Dataset records
*** Begin section ***
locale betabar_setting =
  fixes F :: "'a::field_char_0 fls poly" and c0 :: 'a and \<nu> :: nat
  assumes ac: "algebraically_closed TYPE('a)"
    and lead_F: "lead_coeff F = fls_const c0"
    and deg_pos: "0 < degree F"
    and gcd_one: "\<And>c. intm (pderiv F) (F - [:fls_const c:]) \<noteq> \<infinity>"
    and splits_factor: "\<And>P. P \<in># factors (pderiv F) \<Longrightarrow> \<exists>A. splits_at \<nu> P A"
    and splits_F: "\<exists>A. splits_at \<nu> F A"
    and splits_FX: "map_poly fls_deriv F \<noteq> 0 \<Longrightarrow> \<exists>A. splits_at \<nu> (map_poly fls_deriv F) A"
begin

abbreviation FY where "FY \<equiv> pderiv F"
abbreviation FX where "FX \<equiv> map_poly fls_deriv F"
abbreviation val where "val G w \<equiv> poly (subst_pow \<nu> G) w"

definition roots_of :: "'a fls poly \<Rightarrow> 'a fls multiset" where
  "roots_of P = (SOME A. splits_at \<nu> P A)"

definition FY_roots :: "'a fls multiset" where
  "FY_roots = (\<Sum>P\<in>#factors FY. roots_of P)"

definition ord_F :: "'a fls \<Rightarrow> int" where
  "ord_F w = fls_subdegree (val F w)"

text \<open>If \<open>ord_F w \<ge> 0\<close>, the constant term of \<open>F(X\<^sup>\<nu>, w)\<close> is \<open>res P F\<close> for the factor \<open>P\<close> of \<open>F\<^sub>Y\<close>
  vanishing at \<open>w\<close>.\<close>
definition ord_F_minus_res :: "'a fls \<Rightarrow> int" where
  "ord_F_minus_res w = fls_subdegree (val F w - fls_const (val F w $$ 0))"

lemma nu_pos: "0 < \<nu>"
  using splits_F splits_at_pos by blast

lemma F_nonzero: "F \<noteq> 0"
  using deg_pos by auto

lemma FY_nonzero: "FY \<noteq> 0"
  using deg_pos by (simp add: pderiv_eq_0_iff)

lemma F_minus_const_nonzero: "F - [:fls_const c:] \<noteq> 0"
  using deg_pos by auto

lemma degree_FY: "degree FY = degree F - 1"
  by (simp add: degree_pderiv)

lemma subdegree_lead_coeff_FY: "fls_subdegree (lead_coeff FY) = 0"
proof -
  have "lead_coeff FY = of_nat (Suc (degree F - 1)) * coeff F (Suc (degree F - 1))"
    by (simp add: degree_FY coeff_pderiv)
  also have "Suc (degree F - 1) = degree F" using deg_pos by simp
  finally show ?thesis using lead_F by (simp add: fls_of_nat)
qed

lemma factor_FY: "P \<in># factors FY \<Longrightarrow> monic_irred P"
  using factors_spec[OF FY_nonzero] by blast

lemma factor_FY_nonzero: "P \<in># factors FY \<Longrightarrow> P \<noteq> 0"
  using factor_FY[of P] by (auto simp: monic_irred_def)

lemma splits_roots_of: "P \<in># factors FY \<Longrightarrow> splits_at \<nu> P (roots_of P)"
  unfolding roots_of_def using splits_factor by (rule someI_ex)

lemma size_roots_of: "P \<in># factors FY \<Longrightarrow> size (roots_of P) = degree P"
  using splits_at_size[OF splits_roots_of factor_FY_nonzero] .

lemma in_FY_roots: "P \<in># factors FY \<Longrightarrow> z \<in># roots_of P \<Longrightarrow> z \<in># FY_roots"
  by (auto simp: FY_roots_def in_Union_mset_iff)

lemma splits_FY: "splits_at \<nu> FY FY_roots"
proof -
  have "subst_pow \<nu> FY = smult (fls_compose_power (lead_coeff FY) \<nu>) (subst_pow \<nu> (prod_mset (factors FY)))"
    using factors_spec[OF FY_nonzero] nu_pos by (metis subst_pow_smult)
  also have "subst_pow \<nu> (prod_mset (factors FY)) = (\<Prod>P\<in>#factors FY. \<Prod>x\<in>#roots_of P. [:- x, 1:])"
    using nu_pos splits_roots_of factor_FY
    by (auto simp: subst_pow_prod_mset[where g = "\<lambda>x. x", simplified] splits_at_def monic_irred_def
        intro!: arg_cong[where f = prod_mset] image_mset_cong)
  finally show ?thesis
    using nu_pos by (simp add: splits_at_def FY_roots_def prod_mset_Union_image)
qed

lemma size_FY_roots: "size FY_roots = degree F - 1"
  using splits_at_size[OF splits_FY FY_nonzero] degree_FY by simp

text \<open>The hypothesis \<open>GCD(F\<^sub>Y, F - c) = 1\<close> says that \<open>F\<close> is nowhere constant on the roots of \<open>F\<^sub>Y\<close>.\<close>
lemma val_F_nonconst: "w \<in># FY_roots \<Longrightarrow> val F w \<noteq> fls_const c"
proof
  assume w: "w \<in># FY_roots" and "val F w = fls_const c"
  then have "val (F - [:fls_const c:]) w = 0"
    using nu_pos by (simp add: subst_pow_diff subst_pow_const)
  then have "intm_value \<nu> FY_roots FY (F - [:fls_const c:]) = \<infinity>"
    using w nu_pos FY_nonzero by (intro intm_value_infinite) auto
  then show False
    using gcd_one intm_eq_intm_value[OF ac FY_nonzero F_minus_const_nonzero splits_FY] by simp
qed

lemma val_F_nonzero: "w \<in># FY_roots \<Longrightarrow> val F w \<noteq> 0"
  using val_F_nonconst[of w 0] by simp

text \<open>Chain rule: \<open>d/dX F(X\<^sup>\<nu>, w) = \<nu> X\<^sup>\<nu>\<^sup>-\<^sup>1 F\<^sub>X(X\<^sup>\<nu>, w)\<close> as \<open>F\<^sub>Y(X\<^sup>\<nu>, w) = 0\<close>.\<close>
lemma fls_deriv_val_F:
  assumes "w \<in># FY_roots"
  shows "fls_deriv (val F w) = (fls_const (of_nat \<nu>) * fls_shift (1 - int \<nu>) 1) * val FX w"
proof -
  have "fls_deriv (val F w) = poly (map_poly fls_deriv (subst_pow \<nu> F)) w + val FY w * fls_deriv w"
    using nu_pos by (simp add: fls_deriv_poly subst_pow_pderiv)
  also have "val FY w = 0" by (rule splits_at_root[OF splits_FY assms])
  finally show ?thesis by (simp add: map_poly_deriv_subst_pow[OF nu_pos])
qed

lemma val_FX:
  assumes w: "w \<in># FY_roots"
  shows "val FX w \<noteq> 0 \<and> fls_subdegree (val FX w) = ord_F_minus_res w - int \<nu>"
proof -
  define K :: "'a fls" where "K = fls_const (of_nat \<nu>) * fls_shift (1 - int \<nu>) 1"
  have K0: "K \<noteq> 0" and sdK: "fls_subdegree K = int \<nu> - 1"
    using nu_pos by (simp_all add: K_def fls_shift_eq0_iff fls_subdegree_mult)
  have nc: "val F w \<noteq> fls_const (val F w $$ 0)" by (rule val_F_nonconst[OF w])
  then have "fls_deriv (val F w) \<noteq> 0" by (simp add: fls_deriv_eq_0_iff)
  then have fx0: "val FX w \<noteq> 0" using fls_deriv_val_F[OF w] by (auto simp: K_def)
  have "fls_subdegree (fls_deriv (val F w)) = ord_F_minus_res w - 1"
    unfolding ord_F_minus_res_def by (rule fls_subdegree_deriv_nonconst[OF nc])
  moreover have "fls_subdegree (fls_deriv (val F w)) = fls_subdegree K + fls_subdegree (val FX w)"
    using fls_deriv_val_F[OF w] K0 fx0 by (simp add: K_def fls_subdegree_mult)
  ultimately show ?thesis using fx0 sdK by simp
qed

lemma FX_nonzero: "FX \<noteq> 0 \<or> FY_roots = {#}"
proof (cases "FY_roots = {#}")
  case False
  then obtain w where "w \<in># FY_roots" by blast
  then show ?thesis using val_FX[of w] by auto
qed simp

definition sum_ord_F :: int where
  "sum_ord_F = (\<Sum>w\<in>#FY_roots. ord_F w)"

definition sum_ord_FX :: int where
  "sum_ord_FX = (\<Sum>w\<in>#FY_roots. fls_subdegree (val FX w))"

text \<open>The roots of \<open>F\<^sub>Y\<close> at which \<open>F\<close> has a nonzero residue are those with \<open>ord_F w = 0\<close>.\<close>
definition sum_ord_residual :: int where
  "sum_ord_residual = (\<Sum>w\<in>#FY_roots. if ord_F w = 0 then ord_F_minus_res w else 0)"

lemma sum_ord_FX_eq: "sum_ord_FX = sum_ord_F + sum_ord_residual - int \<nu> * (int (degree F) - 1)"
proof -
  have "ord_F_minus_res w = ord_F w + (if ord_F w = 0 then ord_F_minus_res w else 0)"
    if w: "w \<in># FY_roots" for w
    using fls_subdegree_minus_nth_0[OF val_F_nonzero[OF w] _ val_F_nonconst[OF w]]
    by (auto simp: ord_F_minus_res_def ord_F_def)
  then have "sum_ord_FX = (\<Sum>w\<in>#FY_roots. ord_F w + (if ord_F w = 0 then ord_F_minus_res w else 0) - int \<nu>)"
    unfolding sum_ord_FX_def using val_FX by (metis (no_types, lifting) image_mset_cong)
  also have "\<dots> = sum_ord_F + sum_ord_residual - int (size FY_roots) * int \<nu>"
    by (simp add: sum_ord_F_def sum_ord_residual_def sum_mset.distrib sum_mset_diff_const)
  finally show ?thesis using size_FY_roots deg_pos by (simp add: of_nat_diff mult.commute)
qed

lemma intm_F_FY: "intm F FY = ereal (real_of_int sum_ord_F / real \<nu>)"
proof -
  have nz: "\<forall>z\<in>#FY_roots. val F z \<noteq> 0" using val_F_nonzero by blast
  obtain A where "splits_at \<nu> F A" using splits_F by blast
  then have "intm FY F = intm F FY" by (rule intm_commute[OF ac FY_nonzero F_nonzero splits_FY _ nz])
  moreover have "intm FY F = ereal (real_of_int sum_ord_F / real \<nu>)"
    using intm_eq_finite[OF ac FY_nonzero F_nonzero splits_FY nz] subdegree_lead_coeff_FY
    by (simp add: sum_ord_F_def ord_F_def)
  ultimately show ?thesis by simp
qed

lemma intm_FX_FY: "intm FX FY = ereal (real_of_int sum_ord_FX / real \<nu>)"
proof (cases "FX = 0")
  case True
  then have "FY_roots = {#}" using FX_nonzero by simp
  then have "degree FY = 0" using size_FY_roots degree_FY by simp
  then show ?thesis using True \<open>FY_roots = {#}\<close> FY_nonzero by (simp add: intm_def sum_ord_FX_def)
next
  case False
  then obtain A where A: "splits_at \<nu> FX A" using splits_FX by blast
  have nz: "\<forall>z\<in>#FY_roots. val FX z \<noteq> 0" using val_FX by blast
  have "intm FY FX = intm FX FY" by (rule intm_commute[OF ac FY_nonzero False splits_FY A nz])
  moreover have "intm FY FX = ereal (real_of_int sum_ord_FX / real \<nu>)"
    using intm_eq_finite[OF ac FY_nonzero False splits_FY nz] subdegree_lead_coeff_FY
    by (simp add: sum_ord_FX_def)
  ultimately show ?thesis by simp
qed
*** End section ***
Using the data above, tally each line that has the string "False" and report only the sum.

5